Closed danmana closed 3 years ago

danmana commented 3 years ago

Hi all, I'm just starting with using casl and nestjs, so maybe I am missing something...

Describe the bug I'm trying to define the following scenario (simplified):

The problem is that if I create a rule with conditions for Article, the check for "can read any Article" starts returning true, even if it shouldn't.
Is this the expected behavior? How can I implement correctly the scenario above?

I tracked this to this line, where if the subject is a subjectType it returns true ... why is that? https://github.com/stalniy/casl/blob/188218881231e17fc98b2465555ca92966035e91/packages/casl-ability/src/Rule.ts#L82

Note: detectSubjectType is implemented and works, so it's not that. The issue is the same if I use string types.

To Reproduce Steps to reproduce the behavior:

  1. Ability configuration (rules, detectSubjectType, etc)
    // user rule
    can('read', Article, { authorId: userId });
  2. How do you check abilities
    
    // this works as expected
    ability.can('read', myArticle); // expect true, returns true
    ability.can('read', otherArticle); // expect false, returns false

// why is this true? I read this as "user can read ANY Article" ability.can('read', Article); // expect false, returns true !!!



**Expected behavior**
The user should not have permission to read "any" Article.
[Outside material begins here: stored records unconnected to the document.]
text \<open>Gauss' lemma for a prime ideal P: compare the coefficients of f g of index
  i0 + j0, where i0, j0 are the least indices of coefficients of f, g outside P.\<close>

lemma prime_coeff_mult:
  assumes R: "is_subring R" and P: "is_submod R P"
    and prime: "\<And>a b. a \<in> R \<Longrightarrow> b \<in> R \<Longrightarrow> a * b \<in> P \<Longrightarrow> a \<in> P \<or> b \<in> P"
    and f: "f \<in> poly_over R" and g: "g \<in> poly_over R"
    and "coeff f i \<notin> P" and "coeff g j \<notin> P"
  obtains n where "coeff (f * g) n \<notin> P"
proof -
  define i0 where "i0 = (LEAST i. coeff f i \<notin> P)"
  define j0 where "j0 = (LEAST j. coeff g j \<notin> P)"
  have i0: "coeff f i0 \<notin> P" "\<And>i. i < i0 \<Longrightarrow> coeff f i \<in> P"
    unfolding i0_def using LeastI[of "\<lambda>i. coeff f i \<notin> P", OF \<open>coeff f i \<notin> P\<close>] not_less_Least
    by blast+
  have j0: "coeff g j0 \<notin> P" "\<And>j. j < j0 \<Longrightarrow> coeff g j \<in> P"
    unfolding j0_def using LeastI[of "\<lambda>j. coeff g j \<notin> P", OF \<open>coeff g j \<notin> P\<close>] not_less_Least
    by blast+
  let ?t = "\<lambda>i. coeff f i * coeff g (i0 + j0 - i)"
  have rest: "(\<Sum>i\<in>{..i0 + j0} - {i0}. ?t i) \<in> P"
  proof (rule submod_sum[OF P])
    fix i assume i: "i \<in> {..i0 + j0} - {i0}"
    show "?t i \<in> P"
    proof (cases "i < i0")
      case True
      then show ?thesis
        using submod_smult[OF P poly_over_coeff[OF g] i0(2)] by (simp add: mult.commute)
    next
      case False
      then have "i0 + j0 - i < j0"
        using i by auto
      then show ?thesis
        using submod_smult[OF P poly_over_coeff[OF f] j0(2)] by blast
    qed
  qed
  have "coeff (f * g) (i0 + j0) = ?t i0 + (\<Sum>i\<in>{..i0 + j0} - {i0}. ?t i)"
    unfolding coeff_mult by (rule sum.remove) auto
  then have "?t i0 = coeff (f * g) (i0 + j0) - (\<Sum>i\<in>{..i0 + j0} - {i0}. ?t i)"
    by simp
  moreover have "?t i0 \<notin> P"
    using prime[OF poly_over_coeff[OF f] poly_over_coeff[OF g]] i0(1) j0(1) by auto
  ultimately have "coeff (f * g) (i0 + j0) \<notin> P"
    using submod_diff[OF R P _ rest] by auto
  then show ?thesis
    by (rule that)
qed
(* There exist absolute constants $C,c>0$ such that the following holds. Let $x$ be a random vector in $\{0,1\}^n$ whose coordinates are i.i.d. Bernoulli with parameter $p\in(0,1/2]$, and let $y$ be a random vector in $\{0,1\}^m$, independent of $x$, whose coordinates are i.i.d. Bernoulli with parameter $q\in(0,1)$. Let $(x_k,y_k)$, $k=1,\ldots,K$, be sampled independently from the distribution of $(x,y)$. Let $m_0\ge m$ be such that $Kq\ge C\log m_0$, $np\ge C\log(Km_0)$, and $Kq\log(Km_0)\le cn$. Then, with probability at least $1-3m/m_0$, there exists $F\in\mathcal{T}(n,m)$ such that $F(x_k)=y_k$ for all $k=1,\ldots,K$. Moreover, one may take $F=h(Wx-b)$ with $W:=\sum_{k=1}^K y_k\bar{x}_k^{\mathsf T}$, where $\bar x_k = x_k-\mathbb{E}x_k$, and $b$ any vector (fixed or dependent on the data) whose coordinates all satisfy $\frac{np}{8}<b(i)<\frac{np}{4}$.
   Context: $\mathcal{T}(n,m)$ is the set of maps $F:\mathbb{R}^n\to\{0,1\}^m$ of the form $F(x)=h(Wx-b)$ with $W$ a real $m\times n$ matrix, $b\in\mathbb{R}^m$, and $h$ the Heaviside function applied componentwise ($h(t)=0$ for $t<0$, $h(t)=1$ for $t>0$). *)

theory Defs
  imports "HOL-Probability.Probability"
begin

text \<open>Heaviside function: only defined off 0 (h(t)=0 for t<0, h(t)=1 for t>0).
  Values in {0,1} are encoded as bool (False = 0, True = 1).\<close>
definition heaviside :: "real \<Rightarrow> bool option" where
  "heaviside t = (if t > 0 then Some True else if t < 0 then Some False else None)"

definition thr_map :: "nat \<Rightarrow> (nat \<Rightarrow> nat \<Rightarrow> real) \<Rightarrow> (nat \<Rightarrow> real) \<Rightarrow> (nat \<Rightarrow> bool) \<Rightarrow> nat \<Rightarrow> bool option" where
  "thr_map n W b x i = heaviside ((\<Sum>j<n. W i j * of_bool (x j)) - b i)"

definition realizes :: "nat \<Rightarrow> nat \<Rightarrow> nat \<Rightarrow> (nat \<Rightarrow> nat \<Rightarrow> real) \<Rightarrow> (nat \<Rightarrow> real)
    \<Rightarrow> (nat \<Rightarrow> nat \<Rightarrow> bool) \<Rightarrow> (nat \<Rightarrow> nat \<Rightarrow> bool) \<Rightarrow> bool" where
  "realizes n m K W b xs ys \<longleftrightarrow> (\<forall>k<K. \<forall>i<m. thr_map n W b (xs k) i = Some (ys k i))"

definition hebb_W :: "nat \<Rightarrow> real \<Rightarrow> (nat \<Rightarrow> nat \<Rightarrow> bool) \<Rightarrow> (nat \<Rightarrow> nat \<Rightarrow> bool) \<Rightarrow> nat \<Rightarrow> nat \<Rightarrow> real" where
  "hebb_W K p xs ys i j = (\<Sum>k<K. of_bool (ys k i) * (of_bool (xs k j) - p))"

text \<open>Joint law of the data: X (k,j) = x_k(j) iid Bernoulli(p), Y (k,i) = y_k(i) iid Bernoulli(q),
  all independent.\<close>
definition data_pmf :: "nat \<Rightarrow> nat \<Rightarrow> nat \<Rightarrow> real \<Rightarrow> real \<Rightarrow> ((nat \<times> nat \<Rightarrow> bool) \<times> (nat \<times> nat \<Rightarrow> bool)) pmf" where
  "data_pmf n m K p q = pair_pmf (Pi_pmf ({..<K} \<times> {..<n}) False (\<lambda>_. bernoulli_pmf p))
                                 (Pi_pmf ({..<K} \<times> {..<m}) False (\<lambda>_. bernoulli_pmf q))"

end

theory Submission
  imports Defs
begin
**Interactive example** (optional, but highly desirable)
https://codesandbox.io/s/empty-architecture-412g8?file=/src/index.js

**CASL Version**

<!-- leave packages which you use -->

`@casl/ability` - v 5.2.2

**Environment**:
<!-- Nodejs version or Browser version or TypeScript version -->
danmana commented 3 years ago

Even if I try to disallow explicitly the "read any Article" for a user it does not work

cannot("read", Article);
can("read", Article, { authorId: userId });

ability.can('read', Article); // expect false, still returns true !!!
stalniy commented 3 years ago

Sorry for saying that but the issue is in mental model you use to think about permissions. The mental model which CASL uses for this is explained at the bottom of Checking logic section in Intro guide.

Regarding, your last comment. This is also explained in Intro guide.
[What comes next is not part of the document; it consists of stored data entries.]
(* Let $k$ be a field, $R=k[x_1,\ldots,x_n]$, and let $I$ be an almost reverse lexicographic ideal in $R$ whose last generator is $M_\omega=x^\omega$ with $\omega=(\omega_1,\ldots,\omega_\mu)$, $\omega_\mu>0$, $\mu\ge2$. Let $1\le i\le\mu-1$. For every $\alpha=(\alpha_1,\ldots,\alpha_i)\in\mathcal{I}_i$: (1) $0<f_{i+1}(\alpha)<\infty$; (2) $x^\alpha x_{i+1}^{f_{i+1}(\alpha)}\in\mathcal{G}(I)$; (3) if $\alpha_j\ge1$ for some $1\le j\le i$, then $f_{i+1}(\alpha_1,\ldots,\alpha_j,\ldots,\alpha_i)+1\le f_{i+1}(\alpha_1,\ldots,\alpha_j-1,\ldots,\alpha_i)$.
   Context: Monomial order: degree reverse lexicographic: for $M=x^\alpha,N=x^\beta$, $M>N$ iff $\deg M>\deg N$, or degrees are equal and for the largest $s$ with $\alpha_s\neq\beta_s$ one has $\alpha_s<\beta_s$. For $\alpha\in\mathbb{Z}^s_{\ge0}$, $x^\alpha=x_1^{\alpha_1}\cdots x_s^{\alpha_s}$, $|\alpha|=\sum\alpha_j$, and $\alpha\le\beta$ iff $x^\alpha\le x^\beta$. A monomial ideal $I$ is almost reverse lexicographic if for every monomial $M$ and every minimal monomial generator $N$ of $I$ with $\deg M=\deg N$ and $M>N$, one has $M\in I$. $\mathcal{G}(I)$ is the minimal monomial generating set; $\max M$ is the largest $i$ with $x_i\mid M$. The last generator $M_\omega$ is the element of $\mathcal{G}(I)$ of maximal degree that is smallest in the order among elements of $\mathcal{G}(I)$ of that degree; $\mu=\max M_\omega$. $f_1=\min\{t:x_1^t\in I\}$; for $2\le i\le\mu$, $\alpha\in\mathbb{Z}^{i-1}_{\ge0}$, $f_i(\alpha)=\min\{t\ge0:x^\alpha x_i^t\in I\}\in\mathbb{Z}_{\ge0}\cup\{\infty\}$. For $1\le i\le\mu-2$, $\mathcal{I}_i=\{(\alpha_1,\ldots,\alpha_i)\in\mathbb{Z}^i_{\ge0}: 0\le\alpha_1<f_1,\ 0\le\alpha_j<f_j(\alpha_1,\ldots,\alpha_{j-1})\ (2\le j\le i)\}$, and $\mathcal{I}_{\mu-1}$ is the set of $(\alpha_1,\ldots,\alpha_{\mu-1})$ satisfying these inequalities for $j\le\mu-1$ together with $(\alpha_1,\ldots,\alpha_{\mu-1})\ge(\omega_1,\ldots,\omega_{\mu-1})$. *)

theory Defs
  imports Main "HOL-Library.Extended_Nat"
begin

text \<open>Monomials of k[x_1,...,x_n] are represented by exponent vectors
  a :: nat => nat with a j = 0 outside {1..n}. A monomial ideal is represented
  by the set of (exponent vectors of) monomials it contains.\<close>

definition mon :: "nat \<Rightarrow> (nat \<Rightarrow> nat) set" where
  "mon n = {a. \<forall>j. (j = 0 \<or> n < j) \<longrightarrow> a j = 0}"

definition mdeg :: "nat \<Rightarrow> (nat \<Rightarrow> nat) \<Rightarrow> nat" where
  "mdeg n a = (\<Sum>j = 1..n. a j)"

definition mdvd :: "(nat \<Rightarrow> nat) \<Rightarrow> (nat \<Rightarrow> nat) \<Rightarrow> bool" where
  "mdvd a b \<longleftrightarrow> (\<forall>j. a j \<le> b j)"

text \<open>Degree reverse lexicographic order: rl_gt n a b means x^a > x^b.\<close>
definition rl_gt :: "nat \<Rightarrow> (nat \<Rightarrow> nat) \<Rightarrow> (nat \<Rightarrow> nat) \<Rightarrow> bool" where
  "rl_gt n a b \<longleftrightarrow> mdeg n a > mdeg n b \<or>
     (mdeg n a = mdeg n b \<and>
      (\<exists>s\<in>{1..n}. a s \<noteq> b s \<and> (\<forall>t\<in>{s<..n}. a t = b t) \<and> a s < b s))"

definition rl_le :: "nat \<Rightarrow> (nat \<Rightarrow> nat) \<Rightarrow> (nat \<Rightarrow> nat) \<Rightarrow> bool" where
  "rl_le n a b \<longleftrightarrow> a = b \<or> rl_gt n b a"

definition monomial_ideal :: "nat \<Rightarrow> (nat \<Rightarrow> nat) set \<Rightarrow> bool" where
  "monomial_ideal n I \<longleftrightarrow> I \<subseteq> mon n \<and>
     (\<forall>a\<in>I. \<forall>b\<in>mon n. mdvd a b \<longrightarrow> b \<in> I)"

definition mingens :: "(nat \<Rightarrow> nat) set \<Rightarrow> (nat \<Rightarrow> nat) set" where
  "mingens I = {a\<in>I. \<forall>b\<in>I. mdvd b a \<longrightarrow> b = a}"

definition almost_revlex :: "nat \<Rightarrow> (nat \<Rightarrow> nat) set \<Rightarrow> bool" where
  "almost_revlex n I \<longleftrightarrow> (\<forall>M\<in>mon n. \<forall>N\<in>mingens I.
     mdeg n M = mdeg n N \<and> rl_gt n M N \<longrightarrow> M \<in> I)"

definition last_gen :: "nat \<Rightarrow> (nat \<Rightarrow> nat) set \<Rightarrow> (nat \<Rightarrow> nat) \<Rightarrow> bool" where
  "last_gen n I w \<longleftrightarrow> w \<in> mingens I \<and>
     (\<forall>b\<in>mingens I. mdeg n b \<le> mdeg n w \<and>
        (mdeg n b = mdeg n w \<longrightarrow> rl_le n w b))"

definition xmon :: "nat \<Rightarrow> (nat \<Rightarrow> nat) \<Rightarrow> nat \<Rightarrow> (nat \<Rightarrow> nat)" where
  "xmon i \<alpha> t = (\<lambda>j. if 1 \<le> j \<and> j < i then \<alpha> j else if j = i then t else 0)"

definition fI :: "(nat \<Rightarrow> nat) set \<Rightarrow> nat \<Rightarrow> (nat \<Rightarrow> nat) \<Rightarrow> enat" where
  "fI I i \<alpha> = (if \<exists>t. xmon i \<alpha> t \<in> I then enat (LEAST t. xmon i \<alpha> t \<in> I) else \<infinity>)"

definition trunc :: "nat \<Rightarrow> (nat \<Rightarrow> nat) \<Rightarrow> (nat \<Rightarrow> nat)" where
  "trunc m a = (\<lambda>j. if 1 \<le> j \<and> j \<le> m then a j else 0)"

text \<open>The set I_i (tuples represented as vectors vanishing outside {1..i}).\<close>
definition Iset :: "nat \<Rightarrow> (nat \<Rightarrow> nat) set \<Rightarrow> (nat \<Rightarrow> nat) \<Rightarrow> nat \<Rightarrow> nat \<Rightarrow> (nat \<Rightarrow> nat) set" where
  "Iset n I w \<mu> i = {\<alpha>. (\<forall>j. (j = 0 \<or> i < j) \<longrightarrow> \<alpha> j = 0) \<and>
      (\<forall>j\<in>{1..i}. enat (\<alpha> j) < fI I j \<alpha>) \<and>
      (i = \<mu> - 1 \<longrightarrow> rl_le n (trunc (\<mu> - 1) w) \<alpha>)}"

end

theory Submission
  imports Defs
begin

text \<open>Almost reverse lexicographic ideals admit an exchange: if \<open>x\<^sub>k\<close> divides a minimal
  generator \<open>G\<close> and \<open>j < k\<close>, then \<open>G x\<^sub>j / x\<^sub>k \<in> I\<close>. Suppose \<open>f' = f\<^sub>i\<^sub>+\<^sub>1(\<alpha> - e\<^sub>j)\<close> were at most
  \<open>f\<^sub>i\<^sub>+\<^sub>1(\<alpha>)\<close>. A minimal generator dividing \<open>x\<^sup>\<alpha>\<^sup>-\<^sup>e\<^sup>j x\<^sub>i\<^sub>+\<^sub>1\<^sup>f\<^sup>'\<close> involves \<open>x\<^sub>i\<^sub>+\<^sub>1\<close>, since \<open>x\<^sup>\<alpha> \<notin> I\<close>;
  exchanging that \<open>x\<^sub>i\<^sub>+\<^sub>1\<close> for \<open>x\<^sub>j\<close> gives an element of \<open>I\<close> dividing \<open>x\<^sup>\<alpha> x\<^sub>i\<^sub>+\<^sub>1\<^sup>f\<^sup>'\<^sup>-\<^sup>1\<close>, a
  contradiction; this is (3). By (3) no proper divisor of \<open>x\<^sup>\<alpha> x\<^sub>i\<^sub>+\<^sub>1\<^sup>f\<close> lies in \<open>I\<close>, which is (2).
  For finiteness: every monomial in \<open>x\<^sub>1,\<dots>,x\<^sub>\<mu>\<close> of degree at least \<open>deg M\<^sub>\<omega>\<close> with smaller
  \<open>x\<^sub>\<mu>\<close>-exponent than \<open>M\<^sub>\<omega>\<close> lies in \<open>I\<close>. For \<open>i + 1 < \<mu>\<close> a high power of \<open>x\<^sub>i\<^sub>+\<^sub>1\<close> is such a monomial;
  for \<open>i + 1 = \<mu>\<close> the condition \<open>\<alpha> \<ge> (\<omega>\<^sub>1,\<dots>,\<omega>\<^sub>\<mu>\<^sub>-\<^sub>1)\<close> makes \<open>x\<^sup>\<alpha> x\<^sub>\<mu>\<^sup>\<omega>\<^sup>\<mu>\<close> equal to \<open>M\<^sub>\<omega>\<close>,
  reverse lexicographically larger in the same degree, or of larger degree.\<close>

lemma monomial_ideal_mdvd_closed:
  "monomial_ideal n I \<Longrightarrow> a \<in> I \<Longrightarrow> b \<in> mon n \<Longrightarrow> mdvd a b \<Longrightarrow> b \<in> I"
  unfolding monomial_ideal_def by blast

lemma monomial_ideal_mem_mon: "monomial_ideal n I \<Longrightarrow> a \<in> I \<Longrightarrow> a \<in> mon n"
  unfolding monomial_ideal_def by blast

lemma mingens_mem: "a \<in> mingens I \<Longrightarrow> a \<in> I"
  by (simp add: mingens_def)

lemma xmon_mem_mon: "k \<in> {1..n} \<Longrightarrow> xmon k a t \<in> mon n"
  by (auto simp: mon_def xmon_def)

lemma mdeg_fun_upd:
  assumes "k \<in> {1..n}"
  shows "mdeg n (a(k := v)) + a k = mdeg n a + v"
proof -
  have "mdeg n (a(k := v)) = v + (\<Sum>j\<in>{1..n}-{k}. a j)"
    unfolding mdeg_def using assms by (subst sum.remove[of _ k]) (auto intro!: sum.cong)
  moreover have "mdeg n a = a k + (\<Sum>j\<in>{1..n}-{k}. a j)"
    unfolding mdeg_def using assms by (subst sum.remove[of _ k]) auto
  ultimately show ?thesis by simp
qed

lemma mdeg_mono: "mdvd a b \<Longrightarrow> mdeg n a \<le> mdeg n b"
  unfolding mdeg_def mdvd_def by (intro sum_mono) auto

lemma mdvd_mdeg_eq_imp_eq:
  assumes "a \<in> mon n" "b \<in> mon n" "mdvd a b" "mdeg n a = mdeg n b"
  shows "a = b"
proof (rule ccontr)
  assume "a \<noteq> b"
  then obtain j where j: "a j \<noteq> b j" by auto
  have "j \<in> {1..n}"
  proof (rule ccontr)
    assume "j \<notin> {1..n}"
    with assms(1,2) j show False by (auto simp: mon_def not_le)
  qed
  moreover have "a j < b j" using j assms(3) unfolding mdvd_def by (metis le_neq_implies_less)
  ultimately have "mdeg n a < mdeg n b"
    using assms(3) unfolding mdeg_def mdvd_def by (intro sum_strict_mono_ex1) auto
  with assms(4) show False by simp
qed

lemma mingens_mdvd:
  assumes mi: "monomial_ideal n I" and "a \<in> I"
  obtains g where "g \<in> mingens I" "mdvd g a"
proof -
  let ?P = "\<lambda>d. \<exists>b\<in>I. mdvd b a \<and> mdeg n b = d"
  have "?P (mdeg n a)" using \<open>a \<in> I\<close> by (auto simp: mdvd_def)
  then have "?P (LEAST d. ?P d)" by (rule LeastI)
  then obtain b where b: "b \<in> I" "mdvd b a" "mdeg n b = (LEAST d. ?P d)" by blast
  have "b \<in> mingens I"
    unfolding mingens_def
  proof (intro CollectI conjI ballI impI)
    fix c assume c: "c \<in> I" "mdvd c b"
    then have "mdvd c a" using b(2) unfolding mdvd_def using le_trans by blast
    with c(1) have "mdeg n b \<le> mdeg n c" unfolding b(3) by (blast intro: Least_le)
    with mdeg_mono[OF c(2), of n] show "c = b"
      using mdvd_mdeg_eq_imp_eq[of c n b] c b(1) monomial_ideal_mem_mon[OF mi] by auto
  qed (rule b(1))
  with b(2) show thesis using that by blast
qed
When defining direct and inverted rules for the same pair of action and subject the order of rules matters: cannot declarations should follow after can, otherwise they will be overridden by can

danmana commented 3 years ago

@stalniy thanks for pointing out that piece of the docs

It seems I was making a wrong assumption, it's not "can I read ANY article", but "can I read SOME article".
Now it makes sense why it works the way it does.
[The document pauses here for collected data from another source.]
(* Let $\lambda>0$ and let $\Sigma\in\mathbb{R}^{d\times d}$ be symmetric positive definite with simple spectrum $\sigma_1>\sigma_2>\cdots>\sigma_d>0$ and associated unit eigenvectors $u_1,\dots,u_d$. Define $\mathcal{R}_{\mathrm{soft},\infty}:\mathbb{R}^d\to\mathbb{R}$ by \[ \mathcal{R}_{\mathrm{soft},\infty}(\mu)=\operatorname{tr}(\Sigma)-2\lambda\,\mu^\top\Sigma^2\mu+\lambda^2(\mu^\top\Sigma\mu)(\mu^\top\Sigma^2\mu). \] Then all critical points of $\mathcal{R}_{\mathrm{soft},\infty}$ are nondegenerate, and \[ \mathrm{crit}(\mathcal{R}_{\mathrm{soft},\infty})=\{0\}\cup\Big\{\pm\tfrac{1}{\sqrt{\lambda\sigma_j}}u_j:\ j=1,\dots,d\Big\}. \] Moreover: (1) $0$ is a strict local maximum; (2) for $j=2,\dots,d$, the points $\pm\frac{1}{\sqrt{\lambda\sigma_j}}u_j$ are strict saddles; (3) the points $\pm\frac{1}{\sqrt{\lambda\sigma_1}}u_1$ are global minimizers of $\mathcal{R}_{\mathrm{soft},\infty}$.
   Context: $\mathcal{R}_{\mathrm{soft},\infty}(\mu)$ equals $\mathbb{E}\big[\|X-\lambda\Sigma\mu\mu^\top X\|^2\big]$ for $X\sim\mathcal{N}(0,\Sigma)$, the population risk of the infinite-prompt limit of a rank-one softmax attention layer. A critical point is nondegenerate if the Hessian there is invertible; a strict saddle is a critical point whose Hessian has a negative eigenvalue and which is not a local minimum. *)

theory Defs
  imports "HOL-Analysis.Analysis"
begin

definition R_soft_inf :: "real \<Rightarrow> real^'n^'n \<Rightarrow> real^'n \<Rightarrow> real" where
  "R_soft_inf lam S mu =
     trace S - 2 * lam * (mu \<bullet> ((S ** S) *v mu))
     + lam\<^sup>2 * (mu \<bullet> (S *v mu)) * (mu \<bullet> ((S ** S) *v mu))"

definition grad :: "(real^'n \<Rightarrow> real) \<Rightarrow> real^'n \<Rightarrow> real^'n" where
  "grad f x = (\<chi> i. frechet_derivative f (at x) (axis i 1))"

definition hessian :: "(real^'n \<Rightarrow> real) \<Rightarrow> real^'n \<Rightarrow> real^'n^'n" where
  "hessian f x = matrix (frechet_derivative (grad f) (at x))"

definition critical_point :: "(real^'n \<Rightarrow> real) \<Rightarrow> real^'n \<Rightarrow> bool" where
  "critical_point f x \<longleftrightarrow> f differentiable (at x) \<and> grad f x = 0"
After reading again the docs, I think I found what I was looking for

ability.can('read', new Article()); // user can read ANY article
ability.can('read', Article); // user can read SOME article
stalniy commented 3 years ago

Correct.

But to reflect the actual behavior I'd recommend to use at least one instead of SOME. So, when you check on subject type, you ask "can I read at least one article of that type?" and when you check on a particular instance you ask "can I read this article/object?".